◆ Task objective
Exactly as given, restate each record that follows.

◆ Given records
lemma config_block_linked_downwards:
  assumes "0 < p" "p < m+8"
  shows "\<exists>b\<in>config_block s m ` {..<m+8}. \<exists>q<p. q \<in> b \<and> p \<in> b"
proof -
  have link: "\<exists>b\<in>config_block s m ` {..<m+8}. \<exists>q<p. q \<in> b \<and> p \<in> b"
    if "i < m+8" "q < p" "q \<in> config_block s m i" "p \<in> config_block s m i" for i q
    using that by blast
  consider "p \<le> m+3" | "p = m+4 \<or> p = m+5" | "p = m+6" | "p = m+7"
    using assms by linarith
  then show ?thesis
  proof cases
    case 1
    show ?thesis by (rule link[of "p-1" "p-1"]) (use 1 assms in \<open>auto simp: config_block_def\<close>)
  next
    case 2
    show ?thesis by (rule link[of "p-3" "p-3"]) (use 2 in \<open>auto simp: config_block_def\<close>)
  next
    case 3
    show ?thesis by (rule link[of "m+4" "m+4"]) (auto simp: 3 config_block_def)
  next
    case 4
    show ?thesis by (rule link[of "m+5" "m+4"]) (auto simp: 4 config_block_def)
  qed
qed

lemma config_block_clique:
  assumes "x \<in> {m+4, m+5, m+6, m+7}" "y \<in> {m+4, m+5, m+6, m+7}" "x \<noteq> y"
  shows "\<exists>b\<in>config_block s m ` {..<m+8}. x \<in> b \<and> y \<in> b"
proof -
  have "\<exists>i\<in>{m+3, m+4, m+5, m+6, m+7}. x \<in> config_block s m i \<and> y \<in> config_block s m i"
    using assms by (cases s) (auto simp: config_block_def)
  then show ?thesis by auto
qed

lemma config_block_sym_config_connected:
  assumes "s \<or> 0 < m"
  shows "sym_config {..<m+8} (config_block s m ` {..<m+8}) (m+8)
    \<and> config_connected {..<m+8} (config_block s m ` {..<m+8})"
proof
  show "sym_config {..<m+8} (config_block s m ` {..<m+8}) (m+8)"
    by (rule sym_config_indexed)
      (use config_block_subset_card config_block_linear[OF assms] config_block_degree in auto)
  show "config_connected {..<m+8} (config_block s m ` {..<m+8})"
    by (rule config_connected_if_linked_downwards) (use config_block_linked_downwards in auto)
qed

text \<open>On the points \<open>1 .. m+3\<close> every strong 4-colouring is periodic, so a colouring is
determined by the colours of the remaining points \<open>0\<close> and \<open>m+4 .. m+7\<close>.\<close>

definition periodic_colouring :: "nat \<Rightarrow> nat \<Rightarrow> nat \<Rightarrow> nat \<Rightarrow> nat \<Rightarrow> nat \<Rightarrow> nat \<Rightarrow> nat" where
  "periodic_colouring m c0 c4 c5 c6 c7 p =
    (if p = 0 then c0 else if p = m+4 then c4 else if p = m+5 then c5
     else if p = m+6 then c6 else if p = m+7 then c7 else p mod 4)"

lemma inj_on_mod4_translate_013: "inj_on (\<lambda>p. p mod 4) {i, i+1, i+3::nat}"
proof -
  have "i mod 4 \<noteq> (i+1) mod 4" "i mod 4 \<noteq> (i+3) mod 4" "(i+1) mod 4 \<noteq> (i+3) mod 4"
    by presburger+
  then show ?thesis by simp
qed

lemma strong_colouring_periodic_colouring:
  assumes "c0 < 4" "c4 < 4" "c5 < 4" "c6 < 4" "c7 < 4"
    and boundary: "\<forall>i\<in>{0, m+1, m+2, m+3, m+4, m+5, m+6, m+7}.
      inj_on (periodic_colouring m c0 c4 c5 c6 c7) (config_block s m i)"
  shows "strong_colouring {..<m+8} (config_block s m ` {..<m+8})
    (periodic_colouring m c0 c4 c5 c6 c7) 4"
proof -
  let ?c = "periodic_colouring m c0 c4 c5 c6 c7"
  have "inj_on ?c (config_block s m i)" if "i < m+8" for i
  proof (cases "i \<in> {0, m+1, m+2, m+3, m+4, m+5, m+6, m+7}")
    case False
    then have "0 < i" "i \<le> m" using that by auto
    then have "?c p = p mod 4" if "p \<in> {i, i+1, i+3}" for p
      using that by (auto simp: periodic_colouring_def)
    then have "inj_on ?c {i, i+1, i+3} = inj_on (\<lambda>p. p mod 4) {i, i+1, i+3}"
      by (rule inj_on_cong)
    then show ?thesis using \<open>i \<le> m\<close> inj_on_mod4_translate_013 by (simp add: config_block_path)
  next
    case True
    then show ?thesis using boundary by blast
  qed
  moreover have "?c p < 4" for p
    using assms(1-5) by (simp add: periodic_colouring_def)
  ultimately show ?thesis unfolding strong_colouring_def by blast
qed

text \<open>Neither closure suits every residue: the one with \<open>s\<close> set is 4-colourable for
\<open>m mod 4 \<in> {0, 3}\<close>, the other for \<open>m mod 4 \<in> {1, 2, 3}\<close>, where it is also linear as
\<open>m > 0\<close>.\<close>

lemma config_block_strong_4_colouring:
  "\<exists>s c. (s \<or> 0 < m) \<and> strong_colouring {..<m+8} (config_block s m ` {..<m+8}) c 4"
proof -
  obtain t where "m = 4*t \<or> m = 4*t+1 \<or> m = 4*t+2 \<or> m = 4*t+3"
  proof
    show "m = 4*(m div 4) \<or> m = 4*(m div 4)+1 \<or> m = 4*(m div 4)+2 \<or> m = 4*(m div 4)+3"
      by linarith
  qed
  then consider "m = 4*t" | "m = 4*t+1" | "m = 4*t+2" | "m = 4*t+3" by blast
  then show ?thesis
  proof cases
    case 1
    have "strong_colouring {..<m+8} (config_block True m ` {..<m+8}) (periodic_colouring m 0 3 0 1 2) 4"
      by (rule strong_colouring_periodic_colouring)
        (simp_all add: 1 config_block_def periodic_colouring_def mod_Suc)
    then show ?thesis by blast
  next
    case 2
    have "strong_colouring {..<m+8} (config_block False m ` {..<m+8}) (periodic_colouring m 2 1 2 3 0) 4"
      by (rule strong_colouring_periodic_colouring)
        (simp_all add: 2 config_block_def periodic_colouring_def mod_Suc)
    moreover have "0 < m" using 2 by simp
    ultimately show ?thesis by blast
  next
    case 3
    have "strong_colouring {..<m+8} (config_block False m ` {..<m+8}) (periodic_colouring m 2 1 2 3 0) 4"
      by (rule strong_colouring_periodic_colouring)
        (simp_all add: 3 config_block_def periodic_colouring_def mod_Suc)
    moreover have "0 < m" using 3 by simp
    ultimately show ?thesis by blast
  next
    case 4
    have "strong_colouring {..<m+8} (config_block False m ` {..<m+8}) (periodic_colouring m 0 2 0 1 3) 4"
      by (rule strong_colouring_periodic_colouring)
        (simp_all add: 4 config_block_def periodic_colouring_def mod_Suc)
    moreover have "0 < m" using 4 by simp
    ultimately show ?thesis by blast
  qed
qed

theorem mainTheorem14:
  fixes v :: nat
  assumes "v \<ge> 8"
  shows "\<exists>(P :: nat set) (B :: nat set set).
           sym_config P B v \<and> config_connected P B \<and> strong_chromatic_number P B = 4"
proof -
  define m where "m = v - 8"
  have v: "v = m+8" using assms by (simp add: m_def)
  obtain s c where "s \<or> 0 < m"
    and colouring: "strong_colouring {..<m+8} (config_block s m ` {..<m+8}) c 4"
    using config_block_strong_4_colouring by blast
  have clique: "{m+4, m+5, m+6, m+7} \<subseteq> {..<m+8}" "card {m+4, m+5, m+6, m+7} = 4"
    by auto
  have "strong_chromatic_number {..<m+8} (config_block s m ` {..<m+8}) = 4"
    using strong_chromatic_number_eqI[OF colouring clique config_block_clique] .
  then show ?thesis
    using config_block_sym_config_connected[OF \<open>s \<or> 0 < m\<close>] unfolding v by blast
qed

end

◆ Finished exercise
lemma config_block_linked_downwards:
  assumes "0 < p" "p < m+8"
  shows "\<exists>b\<in>config_block s m ` {..<m+8}. \<exists>q<p. q \<in> b \<and> p \<in> b"
proof -
  have link: "\<exists>b\<in>config_block s m ` {..<m+8}. \<exists>q<p. q \<in> b \<and> p \<in> b"
    if "i < m+8" "q < p" "q \<in> config_block s m i" "p \<in> config_block s m i" for i q
    using that by blast
  consider "p \<le> m+3" | "p = m+4 \<or> p = m+5" | "p = m+6" | "p = m+7"
    using assms by linarith
  then show ?thesis
  proof cases
    case 1
    show ?thesis by (rule link[of "p-1" "p-1"]) (use 1 assms in \<open>auto simp: config_block_def\<close>)
  next
    case 2
    show ?thesis by (rule link[of "p-3" "p-3"]) (use 2 in \<open>auto simp: config_block_def\<close>)
  next
    case 3
    show ?thesis by (rule link[of "m+4" "m+4"]) (auto simp: 3 config_block_def)
  next
    case 4
    show ?thesis by (rule link[of "m+5" "m+4"]) (auto simp: 4 config_block_def)
  qed
qed

lemma config_block_clique:
  assumes "x \<in> {m+4, m+5, m+6, m+7}" "y \<in> {m+4, m+5, m+6, m+7}" "x \<noteq> y"
  shows "\<exists>b\<in>config_block s m ` {..<m+8}. x \<in> b \<and> y \<in> b"
proof -
  have "\<exists>i\<in>{m+3, m+4, m+5, m+6, m+7}. x \<in> config_block s m i \<and> y \<in> config_block s m i"
    using assms by (cases s) (auto simp: config_block_def)
  then show ?thesis by auto
qed

lemma config_block_sym_config_connected:
  assumes "s \<or> 0 < m"
  shows "sym_config {..<m+8} (config_block s m ` {..<m+8}) (m+8)
    \<and> config_connected {..<m+8} (config_block s m ` {..<m+8})"
proof
  show "sym_config {..<m+8} (config_block s m ` {..<m+8}) (m+8)"
    by (rule sym_config_indexed)
      (use config_block_subset_card config_block_linear[OF assms] config_block_degree in auto)
  show "config_connected {..<m+8} (config_block s m ` {..<m+8})"
    by (rule config_connected_if_linked_downwards) (use config_block_linked_downwards in auto)
qed

text \<open>On the points \<open>1 .. m+3\<close> every strong 4-colouring is periodic, so a colouring is
determined by the colours of the remaining points \<open>0\<close> and \<open>m+4 .. m+7\<close>.\<close>

definition periodic_colouring :: "nat \<Rightarrow> nat \<Rightarrow> nat \<Rightarrow> nat \<Rightarrow> nat \<Rightarrow> nat \<Rightarrow> nat \<Rightarrow> nat" where
  "periodic_colouring m c0 c4 c5 c6 c7 p =
    (if p = 0 then c0 else if p = m+4 then c4 else if p = m+5 then c5
     else if p = m+6 then c6 else if p = m+7 then c7 else p mod 4)"

lemma inj_on_mod4_translate_013: "inj_on (\<lambda>p. p mod 4) {i, i+1, i+3::nat}"
proof -
  have "i mod 4 \<noteq> (i+1) mod 4" "i mod 4 \<noteq> (i+3) mod 4" "(i+1) mod 4 \<noteq> (i+3) mod 4"
    by presburger+
  then show ?thesis by simp
qed

lemma strong_colouring_periodic_colouring:
  assumes "c0 < 4" "c4 < 4" "c5 < 4" "c6 < 4" "c7 < 4"
    and boundary: "\<forall>i\<in>{0, m+1, m+2, m+3, m+4, m+5, m+6, m+7}.
      inj_on (periodic_colouring m c0 c4 c5 c6 c7) (config_block s m i)"
  shows "strong_colouring {..<m+8} (config_block s m ` {..<m+8})
    (periodic_colouring m c0 c4 c5 c6 c7) 4"
proof -
  let ?c = "periodic_colouring m c0 c4 c5 c6 c7"
  have "inj_on ?c (config_block s m i)" if "i < m+8" for i
  proof (cases "i \<in> {0, m+1, m+2, m+3, m+4, m+5, m+6, m+7}")
    case False
    then have "0 < i" "i \<le> m" using that by auto
    then have "?c p = p mod 4" if "p \<in> {i, i+1, i+3}" for p
      using that by (auto simp: periodic_colouring_def)
    then have "inj_on ?c {i, i+1, i+3} = inj_on (\<lambda>p. p mod 4) {i, i+1, i+3}"
      by (rule inj_on_cong)
    then show ?thesis using \<open>i \<le> m\<close> inj_on_mod4_translate_013 by (simp add: config_block_path)
  next
    case True
    then show ?thesis using boundary by blast
  qed
  moreover have "?c p < 4" for p
    using assms(1-5) by (simp add: periodic_colouring_def)
  ultimately show ?thesis unfolding strong_colouring_def by blast
qed

text \<open>Neither closure suits every residue: the one with \<open>s\<close> set is 4-colourable for
\<open>m mod 4 \<in> {0, 3}\<close>, the other for \<open>m mod 4 \<in> {1, 2, 3}\<close>, where it is also linear as
\<open>m > 0\<close>.\<close>

lemma config_block_strong_4_colouring:
  "\<exists>s c. (s \<or> 0 < m) \<and> strong_colouring {..<m+8} (config_block s m ` {..<m+8}) c 4"
proof -
  obtain t where "m = 4*t \<or> m = 4*t+1 \<or> m = 4*t+2 \<or> m = 4*t+3"
  proof
    show "m = 4*(m div 4) \<or> m = 4*(m div 4)+1 \<or> m = 4*(m div 4)+2 \<or> m = 4*(m div 4)+3"
      by linarith
  qed
  then consider "m = 4*t" | "m = 4*t+1" | "m = 4*t+2" | "m = 4*t+3" by blast
  then show ?thesis
  proof cases
    case 1
    have "strong_colouring {..<m+8} (config_block True m ` {..<m+8}) (periodic_colouring m 0 3 0 1 2) 4"
      by (rule strong_colouring_periodic_colouring)
        (simp_all add: 1 config_block_def periodic_colouring_def mod_Suc)
    then show ?thesis by blast
  next
    case 2
    have "strong_colouring {..<m+8} (config_block False m ` {..<m+8}) (periodic_colouring m 2 1 2 3 0) 4"
      by (rule strong_colouring_periodic_colouring)
        (simp_all add: 2 config_block_def periodic_colouring_def mod_Suc)
    moreover have "0 < m" using 2 by simp
    ultimately show ?thesis by blast
  next
    case 3
    have "strong_colouring {..<m+8} (config_block False m ` {..<m+8}) (periodic_colouring m 2 1 2 3 0) 4"
      by (rule strong_colouring_periodic_colouring)
        (simp_all add: 3 config_block_def periodic_colouring_def mod_Suc)
    moreover have "0 < m" using 3 by simp
    ultimately show ?thesis by blast
  next
    case 4
    have "strong_colouring {..<m+8} (config_block False m ` {..<m+8}) (periodic_colouring m 0 2 0 1 3) 4"
      by (rule strong_colouring_periodic_colouring)
        (simp_all add: 4 config_block_def periodic_colouring_def mod_Suc)
    moreover have "0 < m" using 4 by simp
    ultimately show ?thesis by blast
  qed
qed

theorem mainTheorem14:
  fixes v :: nat
  assumes "v \<ge> 8"
  shows "\<exists>(P :: nat set) (B :: nat set set).
           sym_config P B v \<and> config_connected P B \<and> strong_chromatic_number P B = 4"
proof -
  define m where "m = v - 8"
  have v: "v = m+8" using assms by (simp add: m_def)
  obtain s c where "s \<or> 0 < m"
    and colouring: "strong_colouring {..<m+8} (config_block s m ` {..<m+8}) c 4"
    using config_block_strong_4_colouring by blast
  have clique: "{m+4, m+5, m+6, m+7} \<subseteq> {..<m+8}" "card {m+4, m+5, m+6, m+7} = 4"
    by auto
  have "strong_chromatic_number {..<m+8} (config_block s m ` {..<m+8}) = 4"
    using strong_chromatic_number_eqI[OF colouring clique config_block_clique] .
  then show ?thesis
    using config_block_sym_config_connected[OF \<open>s \<or> 0 < m\<close>] unfolding v by blast
qed

end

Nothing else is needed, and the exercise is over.